"""
(* The categories $\mathbf{CS}$ and $Cob'$ described in the context are not quasi-Gröbner.
   Context: Quasi-Gröbner categories. Let $\mathcal{C}$ be a small category and $c$ an object. An admissible order on the morphisms out of $c$ is a choice, for every object $c'$, of a well-order on $\mathrm{Hom}(c,c')$ such that $f\prec f'$ implies $g\circ f\prec g\circ f'$ for all $g$. On morphisms out of $c$ put the preorder $f\le g$ iff $g=h\circ f$ for some $h$; $|c/\mathcal{C}|$ is the associated poset. A poset is Noetherian if every sequence $x_1,x_2,\dots$ has $i<j$ with $x_i\le x_j$. $\mathcal{C}$ is Gröbner if for every object $c$: (G1) morphisms out of $c$ admit an admissible order, and (G2) $|c/\mathcal{C}|$ is Noetherian. A functor $\Phi:\mathcal{C}\to\mathcal{D}$ has property (F) if for every object $d$ of $\mathcal{D}$ there are finitely many objects $c_i$ of $\mathcal{C}$ and morphisms $f_i:d\to\Phi(c_i)$ such that every $f:d\to\Phi(c)$ factors as $\Phi(g)\circ f_i$ for some $i$ and $g:c_i\to c$. $\mathcal{D}$ is quasi-Gröbner if there is a Gröbner $\mathcal{C}$ and an essentially surjective functor $\mathcal{C}\to\mathcal{D}$ with property (F). Let $Cob$ be the category whose objects are finite sequences of circles (i.e.\ disjoint unions of $n\ge 0$ indexed circles) and whose morphisms are diffeomorphism classes (relative to the boundary) of compact orientable cobordisms between the corresponding disjoint unions of indexed circles, with composition by gluing. $Cob'$ is the subcategory of $Cob$ containing all morphisms except the non-identity morphisms whose source is the empty sequence $\emptyset$. $\mathbf{CS}$ is the full subcategory of the slice category $\emptyset/Cob$ on the non-empty connected cobordisms from $\emptyset$; i.e.\ objects are connected compact orientable surfaces with indexed boundary circles (possibly closed), and a morphism $\Sigma\to\Sigma'$ is a cobordism $W$ from $\partial\Sigma$ to $\partial\Sigma'$ with $W\circ\Sigma=\Sigma'$. *)

theory Defs
  imports Main "HOL-Library.Multiset"
begin

text \<open>A small category: object set, hom-sets, composition
  Comp a b c g f = g after f for f : a -> b, g : b -> c, identities.\<close>
record ('o, 'm) smallcat =
  Ob   :: "'o set"
  Hom  :: "'o \<Rightarrow> 'o \<Rightarrow> 'm set"
  Comp :: "'o \<Rightarrow> 'o \<Rightarrow> 'o \<Rightarrow> 'm \<Rightarrow> 'm \<Rightarrow> 'm"
  Idm  :: "'o \<Rightarrow> 'm"

definition is_category :: "('o, 'm) smallcat \<Rightarrow> bool" where
  "is_category C \<longleftrightarrow>
     (\<forall>a\<in>Ob C. Idm C a \<in> Hom C a a) \<and>
     (\<forall>a\<in>Ob C. \<forall>b\<in>Ob C. \<forall>c\<in>Ob C. \<forall>f\<in>Hom C a b. \<forall>g\<in>Hom C b c.
        Comp C a b c g f \<in> Hom C a c) \<and>
     (\<forall>a\<in>Ob C. \<forall>b\<in>Ob C. \<forall>c\<in>Ob C. \<forall>d\<in>Ob C. \<forall>f\<in>Hom C a b. \<forall>g\<in>Hom C b c. \<forall>h\<in>Hom C c d.
        Comp C a c d h (Comp C a b c g f) = Comp C a b d (Comp C b c d h g) f) \<and>
     (\<forall>a\<in>Ob C. \<forall>b\<in>Ob C. \<forall>f\<in>Hom C a b.
        Comp C a a b f (Idm C a) = f \<and> Comp C a b b (Idm C b) f = f)"

definition out_of :: "('o, 'm) smallcat \<Rightarrow> 'o \<Rightarrow> ('o \<times> 'm) set" where
  "out_of C c = {(c', f). c' \<in> Ob C \<and> f \<in> Hom C c c'}"

definition under_le :: "('o, 'm) smallcat \<Rightarrow> 'o \<Rightarrow> 'o \<times> 'm \<Rightarrow> 'o \<times> 'm \<Rightarrow> bool" where
  "under_le C c x y \<longleftrightarrow> (\<exists>h\<in>Hom C (fst x) (fst y). snd y = Comp C c (fst x) (fst y) h (snd x))"

definition admissible_order :: "('o, 'm) smallcat \<Rightarrow> 'o \<Rightarrow> ('o \<Rightarrow> 'm rel) \<Rightarrow> bool" where
  "admissible_order C c r \<longleftrightarrow>
     (\<forall>c'\<in>Ob C. well_order_on (Hom C c c') (r c')) \<and>
     (\<forall>c'\<in>Ob C. \<forall>c''\<in>Ob C. \<forall>f\<in>Hom C c c'. \<forall>f'\<in>Hom C c c'. \<forall>g\<in>Hom C c' c''.
        (f, f') \<in> r c' \<and> f \<noteq> f' \<longrightarrow>
        (Comp C c c' c'' g f, Comp C c c' c'' g f') \<in> r c'' \<and>
        Comp C c c' c'' g f \<noteq> Comp C c c' c'' g f')"

text \<open>Noetherianity of |c/C| (the poset associated to the preorder under_le;
  the sequence condition is the same on the preorder and on its quotient poset).\<close>
definition noetherian_under :: "('o, 'm) smallcat \<Rightarrow> 'o \<Rightarrow> bool" where
  "noetherian_under C c \<longleftrightarrow>
     (\<forall>s :: nat \<Rightarrow> 'o \<times> 'm. (\<forall>i. s i \<in> out_of C c) \<longrightarrow>
        (\<exists>i j. i < j \<and> under_le C c (s i) (s j)))"

definition groebner :: "('o, 'm) smallcat \<Rightarrow> bool" where
  "groebner C \<longleftrightarrow> (\<forall>c\<in>Ob C. (\<exists>r. admissible_order C c r) \<and> noetherian_under C c)"

definition is_functor :: "('o, 'm) smallcat \<Rightarrow> ('p, 'n) smallcat \<Rightarrow> ('o \<Rightarrow> 'p)
    \<Rightarrow> ('o \<Rightarrow> 'o \<Rightarrow> 'm \<Rightarrow> 'n) \<Rightarrow> bool" where
  "is_functor C D FO FM \<longleftrightarrow>
     (\<forall>a\<in>Ob C. FO a \<in> Ob D) \<and>
     (\<forall>a\<in>Ob C. \<forall>b\<in>Ob C. \<forall>f\<in>Hom C a b. FM a b f \<in> Hom D (FO a) (FO b)) \<and>
     (\<forall>a\<in>Ob C. FM a a (Idm C a) = Idm D (FO a)) \<and>
     (\<forall>a\<in>Ob C. \<forall>b\<in>Ob C. \<forall>c\<in>Ob C. \<forall>f\<in>Hom C a b. \<forall>g\<in>Hom C b c.
        FM a c (Comp C a b c g f) = Comp D (FO a) (FO b) (FO c) (FM b c g) (FM a b f))"

definition isomorphic :: "('p, 'n) smallcat \<Rightarrow> 'p \<Rightarrow> 'p \<Rightarrow> bool" where
  "isomorphic D x y \<longleftrightarrow> (\<exists>f\<in>Hom D x y. \<exists>g\<in>Hom D y x.
      Comp D x y x g f = Idm D x \<and> Comp D y x y f g = Idm D y)"

definition ess_surj :: "('o, 'm) smallcat \<Rightarrow> ('p, 'n) smallcat \<Rightarrow> ('o \<Rightarrow> 'p) \<Rightarrow> bool" where
  "ess_surj C D FO \<longleftrightarrow> (\<forall>d\<in>Ob D. \<exists>c\<in>Ob C. isomorphic D (FO c) d)"

definition property_F :: "('o, 'm) smallcat \<Rightarrow> ('p, 'n) smallcat \<Rightarrow> ('o \<Rightarrow> 'p)
    \<Rightarrow> ('o \<Rightarrow> 'o \<Rightarrow> 'm \<Rightarrow> 'n) \<Rightarrow> bool" where
  "property_F C D FO FM \<longleftrightarrow>
     (\<forall>d\<in>Ob D. \<exists>I. finite I \<and> I \<subseteq> {(c, f). c \<in> Ob C \<and> f \<in> Hom D d (FO c)} \<and>
        (\<forall>c\<in>Ob C. \<forall>f\<in>Hom D d (FO c). \<exists>(ci, fi)\<in>I. \<exists>g\<in>Hom C ci c.
            f = Comp D d (FO ci) (FO c) (FM ci c g) fi))"

text \<open>D is quasi-Groebner via the Groebner category C and functor (FO, FM).
  D is quasi-Groebner iff such C, FO, FM exist for some types.\<close>
definition quasi_groebner_via :: "('o, 'm) smallcat \<Rightarrow> ('o \<Rightarrow> 'p)
    \<Rightarrow> ('o \<Rightarrow> 'o \<Rightarrow> 'm \<Rightarrow> 'n) \<Rightarrow> ('p, 'n) smallcat \<Rightarrow> bool" where
  "quasi_groebner_via C FO FM D \<longleftrightarrow>
     is_category C \<and> groebner C \<and> is_functor C D FO FM \<and> ess_surj C D FO \<and> property_F C D FO FM"

text \<open>Object n = disjoint union of n indexed circles. A cobordism m -> n, up to
  diffeomorphism rel boundary, is given by the set of its components meeting the
  boundary, each recorded as (set of boundary circles it contains, genus), where
  Inl i is the i-th incoming and Inr j the j-th outgoing circle, together with
  the multiset of genera of its closed components.\<close>
type_synonym cob = "((nat + nat) set \<times> nat) set \<times> nat multiset"

definition bnd :: "nat \<Rightarrow> nat \<Rightarrow> (nat + nat) set" where
  "bnd m n = Inl ` {..<m} \<union> Inr ` {..<n}"

definition cob_hom :: "nat \<Rightarrow> nat \<Rightarrow> cob set" where
  "cob_hom m n = {(P, M).
     (\<forall>(B, g)\<in>P. B \<noteq> {}) \<and>
     (\<Union>(B, g)\<in>P. B) = bnd m n \<and>
     (\<forall>x\<in>P. \<forall>y\<in>P. fst x \<inter> fst y \<noteq> {} \<longrightarrow> x = y)}"

definition cob_id :: "nat \<Rightarrow> cob" where
  "cob_id n = ((\<lambda>i. ({Inl i, Inr i}, 0)) ` {..<n}, {#})"

text \<open>Gluing: tagged components (True = from the first cobordism W1 : a -> b,
  False = from W2 : b -> c); components are adjacent if they share a middle circle.\<close>
definition glue_adj :: "bool \<times> ((nat + nat) set \<times> nat) \<Rightarrow> bool \<times> ((nat + nat) set \<times> nat) \<Rightarrow> bool" where
  "glue_adj x y \<longleftrightarrow>
     (fst x \<and> \<not> fst y \<and> (\<exists>j. Inr j \<in> fst (snd x) \<and> Inl j \<in> fst (snd y))) \<or>
     (\<not> fst x \<and> fst y \<and> (\<exists>j. Inl j \<in> fst (snd x) \<and> Inr j \<in> fst (snd y)))"

definition glue_pieces :: "cob \<Rightarrow> cob \<Rightarrow> (bool \<times> ((nat + nat) set \<times> nat)) set" where
  "glue_pieces W2 W1 = Pair True ` fst W1 \<union> Pair False ` fst W2"

definition glue_classes :: "cob \<Rightarrow> cob \<Rightarrow> (bool \<times> ((nat + nat) set \<times> nat)) set set" where
  "glue_classes W2 W1 = glue_pieces W2 W1 //
     ({(x, y). x \<in> glue_pieces W2 W1 \<and> y \<in> glue_pieces W2 W1 \<and> glue_adj x y})\<^sup>*"

definition outer_bnd :: "(bool \<times> ((nat + nat) set \<times> nat)) set \<Rightarrow> (nat + nat) set" where
  "outer_bnd K = {Inl i | i. \<exists>x\<in>K. fst x \<and> Inl i \<in> fst (snd x)} \<union>
                 {Inr k | k. \<exists>x\<in>K. \<not> fst x \<and> Inr k \<in> fst (snd x)}"

definition mid_circles :: "(bool \<times> ((nat + nat) set \<times> nat)) set \<Rightarrow> nat set" where
  "mid_circles K = {j. \<exists>x\<in>K. fst x \<and> Inr j \<in> fst (snd x)}"

text \<open>Genus of a glued component (Euler characteristic):
  sum of genera + number of gluing circles - number of pieces + 1.\<close>
definition glued_genus :: "(bool \<times> ((nat + nat) set \<times> nat)) set \<Rightarrow> nat" where
  "glued_genus K = (\<Sum>x\<in>K. snd (snd x)) + card (mid_circles K) + 1 - card K"

text \<open>cob_comp W2 W1 = W2 after W1 (glue outgoing circles of W1 to incoming of W2).\<close>
definition cob_comp :: "cob \<Rightarrow> cob \<Rightarrow> cob" where
  "cob_comp W2 W1 =
     ((\<lambda>K. (outer_bnd K, glued_genus K)) ` {K \<in> glue_classes W2 W1. outer_bnd K \<noteq> {}},
      snd W1 + snd W2 + (\<Sum>K\<in>{K \<in> glue_classes W2 W1. outer_bnd K = {}}. {#glued_genus K#}))"

definition Cob :: "(nat, cob) smallcat" where
  "Cob = \<lparr>Ob = UNIV, Hom = cob_hom, Comp = (\<lambda>_ _ _ g f. cob_comp g f), Idm = cob_id\<rparr>"

text \<open>Cob': drop the non-identity morphisms with source the empty sequence.\<close>
definition Cob' :: "(nat, cob) smallcat" where
  "Cob' = \<lparr>Ob = UNIV,
           Hom = (\<lambda>m n. if m = 0 then cob_hom m n \<inter> {f. n = 0 \<and> f = cob_id 0} else cob_hom m n),
           Comp = (\<lambda>_ _ _ g f. cob_comp g f), Idm = cob_id\<rparr>"

text \<open>CS: full subcategory of the slice category under the empty sequence on the
  non-empty connected surfaces (exactly one component).\<close>
definition connected_nonempty :: "cob \<Rightarrow> bool" where
  "connected_nonempty W \<longleftrightarrow> card (fst W) + size (snd W) = 1"

definition CS :: "(nat \<times> cob, cob) smallcat" where
  "CS = \<lparr>Ob = {(n, S). S \<in> cob_hom 0 n \<and> connected_nonempty S},
         Hom = (\<lambda>(n, S) (n', S'). {W \<in> cob_hom n n'. cob_comp W S = S'}),
         Comp = (\<lambda>_ _ _ g f. cob_comp g f),
         Idm = (\<lambda>(n, S). cob_id n)\<rparr>"

end

(*
  Let Phi : C -> D have property (F), with every |c/C| Noetherian. Given morphisms
  f_k : d -> Phi(c_k) for all k, property (F) at d and the pigeonhole principle make
  infinitely many f_k factor as Phi(g_k) o f_0 through one f_0 : d -> Phi(c_0); Noetherianity
  of |c_0/C| then gives i < j and h : c_i -> c_j with g_j = h o g_i.

  In CS, let d be the disk and f_k the cap of genus k, landing in the closed surface of
  genus k. Gluing onto a closed surface only adds components, so a closed surface has no
  morphism to any other object; in particular it is isomorphic only to itself, hence equal to
  some Phi(c_k), and Phi(h) cannot exist. In Cob', let d be one circle and f_k the cap of genus
  k into the empty sequence, whose only endomorphism is the identity; then Phi(h) = id
  forces f_i = f_j.
*)

theory Submission
  imports Defs "HOL-Library.Infinite_Set"
begin

lemma is_functor_Ob: "is_functor C D FO FM \<Longrightarrow> a \<in> Ob C \<Longrightarrow> FO a \<in> Ob D"
  unfolding is_functor_def by blast

lemma is_functor_Hom:
  "is_functor C D FO FM \<Longrightarrow> a \<in> Ob C \<Longrightarrow> b \<in> Ob C \<Longrightarrow> f \<in> Hom C a b
    \<Longrightarrow> FM a b f \<in> Hom D (FO a) (FO b)"
  unfolding is_functor_def by blast

lemma is_functor_Comp:
  "is_functor C D FO FM \<Longrightarrow> a \<in> Ob C \<Longrightarrow> b \<in> Ob C \<Longrightarrow> c \<in> Ob C
    \<Longrightarrow> f \<in> Hom C a b \<Longrightarrow> g \<in> Hom C b c
    \<Longrightarrow> FM a c (Comp C a b c g f) = Comp D (FO a) (FO b) (FO c) (FM b c g) (FM a b f)"
  unfolding is_functor_def by blast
"""
The lines above starting at the one that contains "Comp C c c' c'' g f \<noteq>" and ending at the one that contains "y. \<exists>g\<in>Hom D y x." must be transcribed exactly, and no other lines may appear.

        Comp C c c' c'' g f \<noteq> Comp C c c' c'' g f')"

text \<open>Noetherianity of |c/C| (the poset associated to the preorder under_le;
  the sequence condition is the same on the preorder and on its quotient poset).\<close>
definition noetherian_under :: "('o, 'm) smallcat \<Rightarrow> 'o \<Rightarrow> bool" where
  "noetherian_under C c \<longleftrightarrow>
     (\<forall>s :: nat \<Rightarrow> 'o \<times> 'm. (\<forall>i. s i \<in> out_of C c) \<longrightarrow>
        (\<exists>i j. i < j \<and> under_le C c (s i) (s j)))"

definition groebner :: "('o, 'm) smallcat \<Rightarrow> bool" where
  "groebner C \<longleftrightarrow> (\<forall>c\<in>Ob C. (\<exists>r. admissible_order C c r) \<and> noetherian_under C c)"

definition is_functor :: "('o, 'm) smallcat \<Rightarrow> ('p, 'n) smallcat \<Rightarrow> ('o \<Rightarrow> 'p)
    \<Rightarrow> ('o \<Rightarrow> 'o \<Rightarrow> 'm \<Rightarrow> 'n) \<Rightarrow> bool" where
  "is_functor C D FO FM \<longleftrightarrow>
     (\<forall>a\<in>Ob C. FO a \<in> Ob D) \<and>
     (\<forall>a\<in>Ob C. \<forall>b\<in>Ob C. \<forall>f\<in>Hom C a b. FM a b f \<in> Hom D (FO a) (FO b)) \<and>
     (\<forall>a\<in>Ob C. FM a a (Idm C a) = Idm D (FO a)) \<and>
     (\<forall>a\<in>Ob C. \<forall>b\<in>Ob C. \<forall>c\<in>Ob C. \<forall>f\<in>Hom C a b. \<forall>g\<in>Hom C b c.
        FM a c (Comp C a b c g f) = Comp D (FO a) (FO b) (FO c) (FM b c g) (FM a b f))"

definition isomorphic :: "('p, 'n) smallcat \<Rightarrow> 'p \<Rightarrow> 'p \<Rightarrow> bool" where
  "isomorphic D x y \<longleftrightarrow> (\<exists>f\<in>Hom D x y. \<exists>g\<in>Hom D y x.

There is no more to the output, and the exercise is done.